According to the Mayo Clinic, “[m]ost MRSA infections occur in people who’ve been in hospitals or other health care settings, such as nursing homes and dialysis centers. When it occurs in these settings, it’s known as health care-associated MRSA (HA-MRSA). HA-MRSA infections typically are associated with invasive procedures or devices, such as surgeries, intravenous tubing or artificial joints.” (<>.)

Based on this statement, it seems to me antecedently plausible that “most MRSA infections” afflict persons who are already “immune suppressed.” However, the mention of a correlation “with invasive procedure or devices” such as “artificial joints” raises the further possibility that MRSA occurs in persons at least some of whom have had their immune intentionally suppressed in order to thwart the rejection of artificial appliances or transplants. (See infra.)
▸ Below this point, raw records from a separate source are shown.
text \<open>First entry time (plus one) into B. On the null set of points that never enter B
  (x = 0 and dyadic rationals) the value is an arbitrary convention (here 0, so tau_B is the identity there).\<close>
definition phi :: "real \<Rightarrow> nat" where
  "phi x = (if \<exists>n. (tau ^^ n) x \<in> Bset then (LEAST n. (tau ^^ n) x \<in> Bset) + 1 else 0)"

definition tauB :: "real \<Rightarrow> real" where
  "tauB x = (tau ^^ phi x) x"

definition Jint :: "nat \<Rightarrow> nat \<Rightarrow> nat \<Rightarrow> real set" where
  "Jint m j i = {(1/2)^j - (real i + 1) * (1/2)^(j+m) ..< (1/2)^j - real i * (1/2)^(j+m)}"

definition Jalg :: "nat \<Rightarrow> real measure" where
  "Jalg m = sigma {0..<1} {Jint m j i | j i. i < 2^(m-1)}"

definition lambda01 :: "real measure" where
  "lambda01 = restrict_space lborel {0..<1}"

end

theory Submission
  imports Defs
begin

text \<open>The induced map \<open>tauB\<close> preserves Lebesgue measure: it is \<open>x \<mapsto> 2x - 1\<close> on \<open>[1/2,1)\<close>
  and \<open>x \<mapsto> tauB (2x)\<close> on \<open>[0,1/2)\<close>. The same splitting shows, by induction on \<open>r\<close>, that a
  dyadic interval of length \<open>2^-r\<close> is independent of \<open>tauB^-k S\<close> whenever \<open>r \<le> k\<close>. Since
  \<open>tauB\<close> maps \<open>J^m_(j,i)\<close> affinely onto a dyadic interval of length \<open>2^(1-m)\<close>, each generator
  \<open>A\<close> of \<open>J^m\<close> satisfies \<open>\<lambda>(A \<inter> tauB^-m S) = \<lambda>(A) \<lambda>(S)\<close>; the generators are pairwise
  disjoint, so this mixing property extends to all of \<open>J^m\<close> by Dynkin's \<open>\<pi>\<close>-\<open>\<lambda>\<close> theorem.
  Together with invariance it gives the product formula for the variables
  \<open>\<nu>_n \<circ> tauB^(u + (n-1)m)\<close> by peeling off the earliest factor.\<close>

section \<open>Iterates of a map that mixes a sub-\<open>\<sigma>\<close>-algebra\<close>

context prob_space
begin

lemma prob_funpow_vimage:
  assumes R: "R \<in> M \<rightarrow>\<^sub>M M"
    and preserving: "\<And>S. S \<in> events \<Longrightarrow> prob (R -` S \<inter> space M) = prob S"
    and S: "S \<in> events"
  shows "prob ((R ^^ k) -` S \<inter> space M) = prob S"
proof (induction k)
  case (Suc k)
  have "(R ^^ Suc k) -` S \<inter> space M = R -` ((R ^^ k) -` S \<inter> space M) \<inter> space M"
    using measurable_space[OF R] by (auto simp del: funpow.simps simp: funpow_Suc_right)
  also have "prob \<dots> = prob ((R ^^ k) -` S \<inter> space M)"
    using measurable_sets[OF measurable_compose_n[OF R] S] by (rule preserving)
  also have "\<dots> = prob S"
    by (rule Suc.IH)
  finally show ?case .
qed (simp add: Int_absorb2 sets.sets_into_space[OF S])
lemma Im_has_integral_by_upper_half_disc:
  fixes f q :: "complex \<Rightarrow> complex"
  assumes cont: "continuous_on {z. 0 \<le> Im z} f" and hol: "f holomorphic_on {z. 0 < Im z}"
    and "c \<le> d" and real_outside: "\<And>x. x \<notin> {c..d} \<Longrightarrow> Im (f (of_real x)) = 0"
    and arc: "\<And>R. R\<^sub>0 \<le> R \<Longrightarrow> \<exists>I. (q has_contour_integral I) (part_circlepath 0 R 0 pi) \<and> Im I = v"
    and approx: "\<And>z. 0 \<le> Im z \<Longrightarrow> R\<^sub>0 \<le> norm z \<Longrightarrow> norm (f z + q z) \<le> C / norm z ^ 2"
  shows "((\<lambda>x. Im (f (of_real x))) has_integral v) {c..d}"
proof -
  define V where "V = integral {c..d} (\<lambda>x. Im (f (of_real x)))"
  have bound: "\<bar>V - v\<bar> \<le> \<bar>C\<bar> * pi / R" if R: "max (max 1 R\<^sub>0) (max \<bar>c\<bar> \<bar>d\<bar>) \<le> R" for R
  proof -
    have "0 < R" "R\<^sub>0 \<le> R" "-R \<le> c" "d \<le> R"
      using R by auto
    obtain I where I: "(q has_contour_integral I) (part_circlepath 0 R 0 pi)" "Im I = v"
      using arc[OF \<open>R\<^sub>0 \<le> R\<close>] by blast
    have "\<bar>V - Im I\<bar> \<le> \<bar>C\<bar> / R ^ 2 * R * pi"
      unfolding V_def
    proof (rule Im_integral_upper_half_disc_estimate[OF cont hol _ _ _ _ _ I(1)])
      fix z assume "z \<in> path_image (part_circlepath 0 R 0 pi)"
      then have "0 \<le> Im z" "norm z = R"
        using path_image_upper_semicircle_subset[of R] \<open>0 < R\<close> by auto
      then have "norm (f z + q z) \<le> C / R ^ 2"
        using approx[of z] \<open>R\<^sub>0 \<le> R\<close> by simp
      also have "\<dots> \<le> \<bar>C\<bar> / R ^ 2"
        by (rule divide_right_mono) simp_all
      finally show "norm (f z + q z) \<le> \<bar>C\<bar> / R ^ 2" .
    qed (use \<open>0 < R\<close> \<open>-R \<le> c\<close> \<open>c \<le> d\<close> \<open>d \<le> R\<close> real_outside in simp_all)
    with I(2) \<open>0 < R\<close> show ?thesis
      by (simp add: power2_eq_square)
  qed
  have "((\<lambda>R. \<bar>C\<bar> * pi / R) \<longlongrightarrow> 0) at_top"
    by (intro tendsto_divide_0[OF tendsto_const] filterlim_at_top_imp_at_infinity filterlim_ident)
  moreover have "eventually (\<lambda>R. \<bar>V - v\<bar> \<le> \<bar>C\<bar> * pi / R) at_top"
    by (rule eventually_at_top_linorderI) (rule bound)
  ultimately have "\<bar>V - v\<bar> \<le> 0"
    by (rule tendsto_lowerbound) simp
  moreover have "continuous_on {c..d} (\<lambda>x. f (of_real x))"
    by (rule continuous_on_compose2[OF cont continuous_on_of_real]) auto
  then have "((\<lambda>x. Im (f (of_real x))) has_integral V) {c..d}"
    unfolding V_def by (intro integrable_integral integrable_continuous_real continuous_intros)
  ultimately show ?thesis
    by simp
qed

section \<open>A square root on the closed upper half-plane\<close>

text \<open>A square root with its branch cut on the negative imaginary axis.\<close>
definition upper_sqrt :: "complex \<Rightarrow> complex" where
  "upper_sqrt z = csqrt \<i> * csqrt (- \<i> * z)"

lemma upper_sqrt_square [simp]: "upper_sqrt z ^ 2 = z"
  by (simp add: upper_sqrt_def power_mult_distrib del: csqrt_ii)

lemma norm_upper_sqrt [simp]: "norm (upper_sqrt z) = sqrt (norm z)"
  by (simp add: upper_sqrt_def norm_mult del: csqrt_ii)

lemma Re_Im_csqrt_i_mult:
  "Re (csqrt \<i> * w) = (Re w - Im w) / sqrt 2" "Im (csqrt \<i> * w) = (Re w + Im w) / sqrt 2"
  by (simp_all add: field_simps)

lemma upper_sqrt_first_quadrant:
  assumes "0 \<le> Im z" shows "0 \<le> Re (upper_sqrt z)" "0 \<le> Im (upper_sqrt z)"
  using abs_Im_csqrt_le_Re[of "- \<i> * z"] assms
  by (auto simp: upper_sqrt_def Re_Im_csqrt_i_mult abs_le_iff)

lemma upper_sqrt_open_first_quadrant:
  assumes "0 < Im z" shows "0 < Re (upper_sqrt z)" "0 < Im (upper_sqrt z)"
  using abs_Im_csqrt_less_Re[of "- \<i> * z"] assms
  by (auto simp: upper_sqrt_def Re_Im_csqrt_i_mult abs_less_iff)

lemma upper_sqrt_add_nonzero:
  assumes "0 \<le> Im z" "0 < Re c \<or> 0 < Im c" shows "upper_sqrt z + c \<noteq> 0"
  using upper_sqrt_first_quadrant[OF assms(1)] assms(2) by (auto simp: complex_eq_iff)

lemma upper_sqrt_unique:
  assumes "w ^ 2 = z" "0 \<le> Re w" "0 \<le> Im w" shows "upper_sqrt z = w"
proof -
  have "csqrt (- \<i> * z) = cnj (csqrt \<i>) * w"
  proof (rule csqrt_unique)
    show "(cnj (csqrt \<i>) * w)\<^sup>2 = - \<i> * z"
      by (simp add: power_mult_distrib assms(1) del: csqrt_ii flip: complex_cnj_power)
    show "0 < Re (cnj (csqrt \<i>) * w) \<or> Re (cnj (csqrt \<i>) * w) = 0 \<and> 0 \<le> Im (cnj (csqrt \<i>) * w)"
      using assms(2,3) by (auto simp: field_simps)
  qed
  moreover have "csqrt \<i> * cnj (csqrt \<i>) = 1"
    using complex_norm_square[of "csqrt \<i>"] by (simp del: csqrt_ii)
  ultimately show ?thesis by (simp add: upper_sqrt_def mult.assoc[symmetric])
qed

lemma upper_sqrt_of_real_nonneg: "0 \<le> x \<Longrightarrow> upper_sqrt (of_real x) = of_real (sqrt x)"
  by (rule upper_sqrt_unique) (auto simp flip: of_real_power)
Quoting the article titled “Inhibition of Methicillin-resistant Staphylococcus aureus-induced cytokines mRNA production in human bone marrow derived mesenchymal stem cells by 1,25-dihydroxyvitamin D3,” Brian wrote:

“Quantitative PCR data revealed that MRSA-infection predominantly induced expression of TLRs 1, 2, 6, NR4A2, and inflammatory cytokines IL-8, IL-6, TNFα in hMSCs [“hMSC” apparently designates things called “human mesenchymal stem cells” – MJB]. MRSA-mediated TLR ligands reduced osteoblast differentiation and increased hMSCs proliferation, indicating the disrupted multipotency function of hMSCs.”

Frankly, I question the motivation for reproducing – without explanation – dense, jargon-laden texts such as this in a forum such as Facebook. I mean, I am “guilty” of posting involved responses. However, part of the reason for my wordiness is that I try to thoroughly explain my points. Perhaps I utterly fail to do so; but I try. It seems to me that virtually no explanatory effort has been put forward, here. The impenetrable lingo seems calculated mainly ad vulgus stupet (“to amaze the crowd”).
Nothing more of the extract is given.